Til bevillingsoversigt

DECODENSE: Mean-Field Density Matrix Decompositions

Reintegration Fellowships


The main objective of the DECODENSE project is the development of new, rapid simulation tools in the field of quantum chemistry. In particular, I will be concerned with the acceleration of contemporary, state-of-the-art electronic structure methods by means of modern machine learning. Through the formulation of novel theory and its efficient implementation within optimized computational workflows, I am proposing new manners by which to decompose quantum-chemical simulations. In turn, these decompositions will make the underlying theory increasingly befitting to the deployment of machine learning in inferring physical properties from chemical structures alone. Importantly, these mappings will be made without recourse to explicit and exceedingly expensive electronic structure treatments.


The inner workings of molecules and materials may these days be probed and modelled by advanced simulation tools on modern computer architectures. These simulations not only serve as a complement to traditional empirical explorations, but also as practical extensions in cases where these prove infeasible, hazardous, or exceedingly expensive. The crux of the matter, however, is the fact that today's primary computational workhorse - known as Kohn-Sham density functional theory (KS-DFT) - is inherently too computationally costly to warrant large-scale simulations of, e.g., potential drug prospects or emerging solid-state batteries. To that end, my project will ultimately be concerned with circumventing the prohibitive scaling wall of KS-DFT by deploying machine learning to the problem.

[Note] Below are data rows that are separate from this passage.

(* Let $n\ge 4$ and let $f:\{0,1\}^n\to\{0,1\}$ be fully sensitive at $0$, and let $p$ be its symmetrization polynomial. Then \[ \sup_{x\in[0,n]} |p'''(x)| \geq 1 - p(3). \]
   Context: $f$ is fully sensitive at $0$ if $f(0^n)=0$ and $f(e_i)=1$ for every $i=1,\dots,n$, where $e_i$ is the $i$-th unit vector. Let $q$ be the unique multilinear real polynomial agreeing with $f$ on $\{0,1\}^n$, of degree $d(f)$. The symmetrization polynomial of $f$ is the univariate real polynomial $p$ of degree at most $d(f)$ such that $p(x_1+\dots+x_n) = \frac{1}{n!}\sum_{\pi\in S_n} q(\pi(x))$ for all $x\in\{0,1\}^n$, where $\pi(x)$ permutes the coordinates of $x$; equivalently, for $k=0,\dots,n$, $p(k)$ is the fraction of inputs of Hamming weight $k$ on which $f$ equals $1$ (such $p$ exists and is unique). *)

theory Defs
  imports "HOL-Computational_Algebra.Polynomial" Complex_Main
begin

(* A Boolean function f : {0,1}^n -> {0,1} is represented as f :: nat set => bool,
   where an input x in {0,1}^n corresponds to the set {i < n. x_i = 1} \<subseteq> {..<n}.
   Only the values on subsets of {..<n} matter. *)

definition bval :: "bool \<Rightarrow> real" where
  "bval b = (if b then 1 else 0)"

definition fully_sensitive_at_0 :: "nat \<Rightarrow> (nat set \<Rightarrow> bool) \<Rightarrow> bool" where
  "fully_sensitive_at_0 n f \<longleftrightarrow> \<not> f {} \<and> (\<forall>i<n. f {i})"

(* Coefficient of the monomial prod_{i in S} x_i in the unique multilinear
   polynomial q agreeing with f on {0,1}^n (Moebius inversion). *)
definition ml_coeff :: "(nat set \<Rightarrow> bool) \<Rightarrow> nat set \<Rightarrow> real" where
  "ml_coeff f S = (\<Sum>T\<in>Pow S. (-1) ^ card (S - T) * bval (f T))"

definition ml_degree :: "nat \<Rightarrow> (nat set \<Rightarrow> bool) \<Rightarrow> nat" where
  "ml_degree n f = Max (insert 0 {card S | S. S \<subseteq> {..<n} \<and> ml_coeff f S \<noteq> 0})"

definition is_symmetrization :: "nat \<Rightarrow> (nat set \<Rightarrow> bool) \<Rightarrow> real poly \<Rightarrow> bool" where
  "is_symmetrization n f p \<longleftrightarrow> degree p \<le> ml_degree n f \<and>
     (\<forall>k\<le>n. poly p (real k) =
        real (card {S. S \<subseteq> {..<n} \<and> card S = k \<and> f S}) / real (n choose k))"

end

theory Submission
  imports Defs
begin

(* Since f vanishes at the empty set and is 1 on singletons, p(0) = 0 and p(1) = 1, while
   p(4) >= 0. The third finite differences D0 = p(3) - 3p(2) + 3p(1) - p(0) and
   D1 = p(4) - 3p(3) + 3p(2) - p(1) therefore satisfy D0 + D1 = p(4) - 2p(3) + 2 >= 2(1 - p(3)),
   so one of them is at least 1 - p(3). By the mean value theorem, applied three times,
   each third finite difference with unit steps equals p''' at a point of [0,4]. *)

lemma third_difference_eq_deriv:
  fixes f f' f'' f''' :: "real \<Rightarrow> real" and x :: real
  assumes f: "\<And>y. DERIV f y :> f' y"
    and f': "\<And>y. DERIV f' y :> f'' y"
    and f'': "\<And>y. DERIV f'' y :> f''' y"
  shows "\<exists>\<xi>. x < \<xi> \<and> \<xi> < x + 3 \<and>
           f (x + 3) - 3 * f (x + 2) + 3 * f (x + 1) - f x = f''' \<xi>"
proof -
  have shift: "DERIV (\<lambda>y. g (y + c)) y :> g' (y + c)" if "\<And>y. DERIV g y :> g' y"
    for g g' :: "real \<Rightarrow> real" and c y
    using that by (subst DERIV_shift[symmetric]) auto
  have "\<And>y. DERIV (\<lambda>y. f (y + 2) - 2 * f (y + 1) + f y) y :> f' (y + 2) - 2 * f' (y + 1) + f' y"
    by (intro DERIV_add DERIV_diff DERIV_cmult shift f)
  from MVT2[of x "x + 1", OF _ this]
  obtain \<eta> where \<eta>: "x < \<eta>" "\<eta> < x + 1"
    "(f (x + 1 + 2) - 2 * f (x + 1 + 1) + f (x + 1)) - (f (x + 2) - 2 * f (x + 1) + f x)
      = (x + 1 - x) * (f' (\<eta> + 2) - 2 * f' (\<eta> + 1) + f' \<eta>)"
    by auto
  have "\<And>y. DERIV (\<lambda>y. f' (y + 1) - f' y) y :> f'' (y + 1) - f'' y"
    by (intro DERIV_diff shift f')
  from MVT2[of \<eta> "\<eta> + 1", OF _ this]
  obtain \<zeta> where \<zeta>: "\<eta> < \<zeta>" "\<zeta> < \<eta> + 1"
    "(f' (\<eta> + 1 + 1) - f' (\<eta> + 1)) - (f' (\<eta> + 1) - f' \<eta>) = (\<eta> + 1 - \<eta>) * (f'' (\<zeta> + 1) - f'' \<zeta>)"
    by auto
  from MVT2[of \<zeta> "\<zeta> + 1", OF _ f'']
  obtain \<xi> where \<xi>: "\<zeta> < \<xi>" "\<xi> < \<zeta> + 1" "f'' (\<zeta> + 1) - f'' \<zeta> = (\<zeta> + 1 - \<zeta>) * f''' \<xi>"
    by auto
  have "f (x + 3) - 3 * f (x + 2) + 3 * f (x + 1) - f x = f''' \<xi>"
    using \<eta>(3) \<zeta>(3) \<xi>(3) by (simp add: algebra_simps numeral_eq_Suc)
  moreover have "x < \<xi> \<and> \<xi> < x + 3"
    using \<eta> \<zeta> \<xi> by linarith
  ultimately show ?thesis
    by blast
qed

lemma poly_third_difference_eq_deriv:
  fixes p :: "real poly" and x :: real
  shows "\<exists>\<xi>. x < \<xi> \<and> \<xi> < x + 3 \<and>
           poly p (x + 3) - 3 * poly p (x + 2) + 3 * poly p (x + 1) - poly p x
             = poly (pderiv (pderiv (pderiv p))) \<xi>"
  by (intro third_difference_eq_deriv[of "poly p" "poly (pderiv p)" "poly (pderiv (pderiv p))"]
      poly_DERIV)

lemma continuous_on_le_SUP:
  fixes g :: "real \<Rightarrow> real"
  assumes "continuous_on {a..b} g" and "x \<in> {a..b}"
  shows "g x \<le> (SUP y\<in>{a..b}. g y)"
proof -
  have "compact (g ` {a..b})"
    using assms(1) by (rule compact_continuous_image) simp
  then obtain s where "\<forall>t\<in>g ` {a..b}. t \<le> s"
    using compact_attains_sup[of "g ` {a..b}"] assms(2) by blast
  then have "bdd_above (g ` {a..b})"
    by (auto simp: bdd_above_def)
  then show ?thesis
    using assms(2) by (rule cSUP_upper2) simp
qed

lemma symmetrization_eq_fraction:
  assumes "is_symmetrization n f p" and "k \<le> n"
  shows "poly p (real k) = real (card {S. S \<subseteq> {..<n} \<and> card S = k \<and> f S}) / real (n choose k)"
  using assms unfolding is_symmetrization_def by blast

lemma symmetrization_nonneg:
  assumes "is_symmetrization n f p" and "k \<le> n"
  shows "poly p (real k) \<ge> 0"
  using symmetrization_eq_fraction[OF assms] by simp

lemma symmetrization_at_0:
  assumes "fully_sensitive_at_0 n f" and "is_symmetrization n f p"
  shows "poly p 0 = 0"
proof -
  have "{S. S \<subseteq> {..<n} \<and> card S = 0 \<and> f S} = {}"
    using assms(1) unfolding fully_sensitive_at_0_def
    by (auto dest: finite_subset[OF _ finite_lessThan])
  then show ?thesis
    using symmetrization_eq_fraction[OF assms(2), of 0] by simp
qed

lemma symmetrization_at_1:
  assumes "fully_sensitive_at_0 n f" and "is_symmetrization n f p" and "n \<ge> 1"
  shows "poly p 1 = 1"
proof -
  have "{S. S \<subseteq> {..<n} \<and> card S = 1 \<and> f S} = {S. S \<subseteq> {..<n} \<and> card S = 1}"
    using assms(1) unfolding fully_sensitive_at_0_def by (auto simp: card_Suc_eq)
  also have "card \<dots> = n choose 1"
    using n_subsets[of "{..<n}" 1] by simp
  finally show ?thesis
    using symmetrization_eq_fraction[OF assms(2,3)] assms(3) by simp
qed

theorem lemma2:
  fixes n :: nat and f :: "nat set \<Rightarrow> bool" and p :: "real poly"
  assumes "n \<ge> 4"
    and "fully_sensitive_at_0 n f"
    and "is_symmetrization n f p"
  shows "(SUP x\<in>{0..real n}. \<bar>poly (pderiv (pderiv (pderiv p))) x\<bar>) \<ge> 1 - poly p 3"
proof -
  let ?g = "\<lambda>x. \<bar>poly (pderiv (pderiv (pderiv p))) x\<bar>"
  have "poly p 0 = 0" "poly p 1 = 1"
    using assms symmetrization_at_0 symmetrization_at_1 by simp_all
  moreover have "poly p 4 \<ge> 0"
    using symmetrization_nonneg[OF assms(3), of 4] assms(1) by simp
  moreover obtain \<xi>\<^sub>0 where \<xi>\<^sub>0: "0 < \<xi>\<^sub>0" "\<xi>\<^sub>0 < 3"
    "poly p 3 - 3 * poly p 2 + 3 * poly p 1 - poly p 0 = poly (pderiv (pderiv (pderiv p))) \<xi>\<^sub>0"
    using poly_third_difference_eq_deriv[of 0 p] by auto
  moreover obtain \<xi>\<^sub>1 where \<xi>\<^sub>1: "1 < \<xi>\<^sub>1" "\<xi>\<^sub>1 < 4"
    "poly p 4 - 3 * poly p 3 + 3 * poly p 2 - poly p 1 = poly (pderiv (pderiv (pderiv p))) \<xi>\<^sub>1"
    using poly_third_difference_eq_deriv[of 1 p] by auto
  ultimately have "?g \<xi>\<^sub>0 \<ge> 1 - poly p 3 \<or> ?g \<xi>\<^sub>1 \<ge> 1 - poly p 3"
    by linarith
  moreover have "\<xi>\<^sub>0 \<in> {0..real n}" "\<xi>\<^sub>1 \<in> {0..real n}"
    using \<xi>\<^sub>0(1,2) \<xi>\<^sub>1(1,2) assms(1) by auto
  ultimately obtain \<xi> where "\<xi> \<in> {0..real n}" "?g \<xi> \<ge> 1 - poly p 3"
    by blast
  moreover have "?g \<xi> \<le> (SUP x\<in>{0..real n}. ?g x)"
    using \<open>\<xi> \<in> {0..real n}\<close> by (intro continuous_on_le_SUP continuous_intros)
  ultimately show ?thesis
    by linarith
qed

end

A Carlsberg Foundation Reintegration Fellowship will enable me to return home to Denmark after two successful postdoctoral stays abroad. The fellowship will see me integrate into one of our country's most vibrant and interdisciplinary academic environments at DTU Chemistry, which is certain to offer me both the necessary support and the scientific independence to drive my ongoing endeavours towards the development of more accurate takes on machine-learned quantum chemistry to new levels. With a sound core of theory development and high-performance computing in roughly equal parts, my project is bound to offer a manifold of physical and chemical insight as well as a firm basis for forming my own research lab at DTU in the years to come.

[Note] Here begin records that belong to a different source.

lemma eval_power_sum_unity_point:
  assumes "finite A" "{..<N} \<subseteq> A" "0 < N"
  shows "eval_mpoly (unity_point N) (power_sum A N) = of_nat N"
proof -
  have root: "cis (2 * pi * real j / real N) ^ N = 1" if "j < N" for j
  proof -
    have "cis (2 * pi * real j / real N) \<in> {z. z ^ N = 1}"
      using bij_betw_imp_surj_on[OF bij_betw_roots_unity[OF assms(3)]] that by blast
    then show ?thesis by simp
  qed
  have "eval_mpoly (unity_point N) (power_sum A N) = (\<Sum>j<N. unity_point N j ^ N)"
    unfolding eval_power_sum
    by (rule sum.mono_neutral_right) (use assms in \<open>auto simp: unity_point_def\<close>)
  also have "\<dots> = of_nat N"
    by (simp add: unity_point_def root)
  finally show ?thesis .
qed

lemma eval_power_sum_unity_point_disjoint:
  assumes "A \<inter> {..<N} = {}" "0 < N"
  shows "eval_mpoly (unity_point N) (power_sum A N) = 0"
  using assms by (auto simp: eval_power_sum unity_point_def intro!: sum.neutral)

section \<open>Matrix factorizations with a unit partial derivative\<close>

lemma hmap_mmul:
  assumes A: "hmap V wt r1 d1 r2 d2 e A" and B: "hmap V wt r0 d0 r1 d1 e' B"
  shows "hmap V wt r0 d0 r2 d2 (e' + e) (mmul r1 A B)"
  unfolding hmap_def mmul_def
proof (intro allI impI conjI in_ring_sum homog_sum)
  fix i j l assume "i < r2" "j < r0" "l \<in> {..<r1}"
  then have "in_ring V (A i l)" "homog wt (d1 l + e - d2 i) (A i l)"
    and "in_ring V (B l j)" "homog wt (d0 j + e' - d1 l) (B l j)"
    using A B unfolding hmap_def by auto
  then show "in_ring V (A i l * B l j)" "homog wt (d0 j + (e' + e) - d2 i) (A i l * B l j)"
    by (auto intro: in_ring_times homog_times)
qed
lemma mat_rk_code_word_le: "mat_rk (code_word k M N (G :: 'a::field mat)) \<le> k"
proof -
  let ?Q = "crop k N G" and ?P = "crop M k G"
  have "four_block_mat (1\<^sub>m k) (0\<^sub>m k 0) ?P (0\<^sub>m M 0) * four_block_mat ?Q (1\<^sub>m k) (0\<^sub>m 0 N) (0\<^sub>m 0 k)
      = four_block_mat (1\<^sub>m k * ?Q + 0\<^sub>m k 0 * 0\<^sub>m 0 N) (1\<^sub>m k * 1\<^sub>m k + 0\<^sub>m k 0 * 0\<^sub>m 0 k)
          (?P * ?Q + 0\<^sub>m M 0 * 0\<^sub>m 0 N) (?P * 1\<^sub>m k + 0\<^sub>m M 0 * 0\<^sub>m 0 k)"
    by (rule mult_four_block_mat) auto
  also have "\<dots> = code_word k M N G"
  proof -
    have "?P * ?Q \<in> carrier_mat M N" by (rule mult_carrier_mat[OF crop_carrier crop_carrier])
    thus ?thesis unfolding code_word_def by (simp add: left_mult_one_mat right_mult_one_mat)
  qed
  finally have "four_block_mat (1\<^sub>m k) (0\<^sub>m k 0) ?P (0\<^sub>m M 0) * four_block_mat ?Q (1\<^sub>m k) (0\<^sub>m 0 N) (0\<^sub>m 0 k)
    = code_word k M N G" .
  moreover have "four_block_mat (1\<^sub>m k) (0\<^sub>m k 0) ?P (0\<^sub>m M 0) \<in> carrier_mat (k + M) (k + 0)"
    and "four_block_mat ?Q (1\<^sub>m k) (0\<^sub>m 0 N) (0\<^sub>m 0 k) \<in> carrier_mat (k + 0) (N + k)"
    by (rule four_block_carrier_mat; simp)+
  ultimately show ?thesis using mat_rk_mult_le_inner_dim by (metis add_0_right)
qed
lemma Int_subset_attr:
  assumes "subgame V E G"
  shows "S \<inter> G \<subseteq> attr VE E pl S G"
proof -
  obtain \<tau> where "\<And>xs. xs \<noteq> [] \<Longrightarrow> last xs \<in> G \<Longrightarrow> \<tau> xs \<in> G \<and> (last xs, \<tau> xs) \<in> E"
    using successor_choice[OF assms] by blast
  then have "strategy_in VE E pl G \<tau>" by (simp add: strategy_in_def)
  then show ?thesis unfolding attr_def consistent_play_def by fastforce
qed

lemma attr_empty: "subgame V E G \<Longrightarrow> attr VE E pl {} G = {}"
  using consistent_play_exists unfolding attr_def by blast

lemma in_attr_if_successors_in_attr:
  assumes sg: "subgame V E G" and v: "v \<in> G"
    and successors: "\<And>w. w \<in> G \<Longrightarrow> (v, w) \<in> E \<Longrightarrow> w \<in> attr VE E pl S G"
  shows "v \<in> attr VE E pl S G"
proof -
  let ?A = "attr VE E pl S G"
  obtain \<tau> where \<tau>: "\<And>xs. xs \<noteq> [] \<Longrightarrow> last xs \<in> G \<Longrightarrow> \<tau> xs \<in> G \<and> (last xs, \<tau> xs) \<in> E"
    using successor_choice[OF sg] by blast
  have "\<forall>w\<in>?A. \<exists>\<sigma>'. strategy_in VE E pl G \<sigma>' \<and>
      (\<forall>\<rho>. consistent_play VE E pl G \<sigma>' w \<rho> \<longrightarrow> (\<exists>i. \<rho> i \<in> S))"
    unfolding attr_def by blast
  then obtain \<sigma>\<^sub>w where \<sigma>\<^sub>w: "\<And>w. w \<in> ?A \<Longrightarrow> strategy_in VE E pl G (\<sigma>\<^sub>w w) \<and>
      (\<forall>\<rho>. consistent_play VE E pl G (\<sigma>\<^sub>w w) w \<rho> \<longrightarrow> (\<exists>i. \<rho> i \<in> S))"
    by (metis bchoice)
  \<comment> \<open>Move anywhere first; from the second vertex on, play the attractor strategy of that vertex.\<close>
  define \<sigma> where "\<sigma> xs = (if 2 \<le> length xs \<and> xs ! 1 \<in> ?A then \<sigma>\<^sub>w (xs ! 1) (tl xs) else \<tau> xs)" for xs
  have "strategy_in VE E pl G \<sigma>"
    unfolding strategy_in_def
  proof (intro allI impI)
    fix xs assume xs: "xs \<noteq> [] \<and> last xs \<in> G \<and> (last xs \<in> VE) = pl"
    show "\<sigma> xs \<in> G \<and> (last xs, \<sigma> xs) \<in> E"
    proof (cases "2 \<le> length xs \<and> xs ! 1 \<in> ?A")
      case True
      then have "strategy_in VE E pl G (\<sigma>\<^sub>w (xs ! 1))" using \<sigma>\<^sub>w by blast
      moreover have "tl xs \<noteq> []" "last (tl xs) = last xs" using True by (cases xs; auto)+
      ultimately have "\<sigma>\<^sub>w (xs ! 1) (tl xs) \<in> G \<and> (last xs, \<sigma>\<^sub>w (xs ! 1) (tl xs)) \<in> E"
        using xs unfolding strategy_in_def by metis
      then show ?thesis using True by (simp add: \<sigma>_def)
    qed (use xs \<tau> in \<open>auto simp: \<sigma>_def\<close>)
  qed
  moreover have "\<exists>i. \<rho> i \<in> S" if play: "consistent_play VE E pl G \<sigma> v \<rho>" for \<rho>
  proof -
    have "\<rho> 1 \<in> ?A" using play successors unfolding consistent_play_def by (metis One_nat_def)
    have "\<sigma> (map \<rho> [0..<Suc (Suc i)]) = \<sigma>\<^sub>w (\<rho> 1) (map (\<lambda>j. \<rho> (Suc j)) [0..<Suc i])" for i
      using \<open>\<rho> 1 \<in> ?A\<close> unfolding \<sigma>_def by (simp only: map_upt_Suc) simp
    then have "consistent_play VE E pl G (\<sigma>\<^sub>w (\<rho> 1)) (\<rho> 1) (\<lambda>i. \<rho> (Suc i))"
      using play unfolding consistent_play_def by (simp del: upt_Suc)
    then obtain i where "\<rho> (Suc i) \<in> S" using \<sigma>\<^sub>w[OF \<open>\<rho> 1 \<in> ?A\<close>] by blast
    then show ?thesis ..
  qed
  ultimately show ?thesis using v unfolding attr_def by blast
qed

The DECODENSE project has as its primary ambition to provide clues and answers to some of today's most pressing grand challenges in the domain of physical chemistry, such as, which compounds in chemical space exhibit a particular key property? Or how is chemical energy converted to electrical energy at a detailed atomistic level in next-generation battery candidates? These complex, yet stimulating societal problems will all benefit from the availability of accelerated, machine-learned simulation tools, which can enter into high-throughput screening and inverse design protocols aimed at exploring the functional materials of tomorrow. Due to its versatility, the outcomes of my project are fully intended to add utility value beyond the niche of fundamental basic science.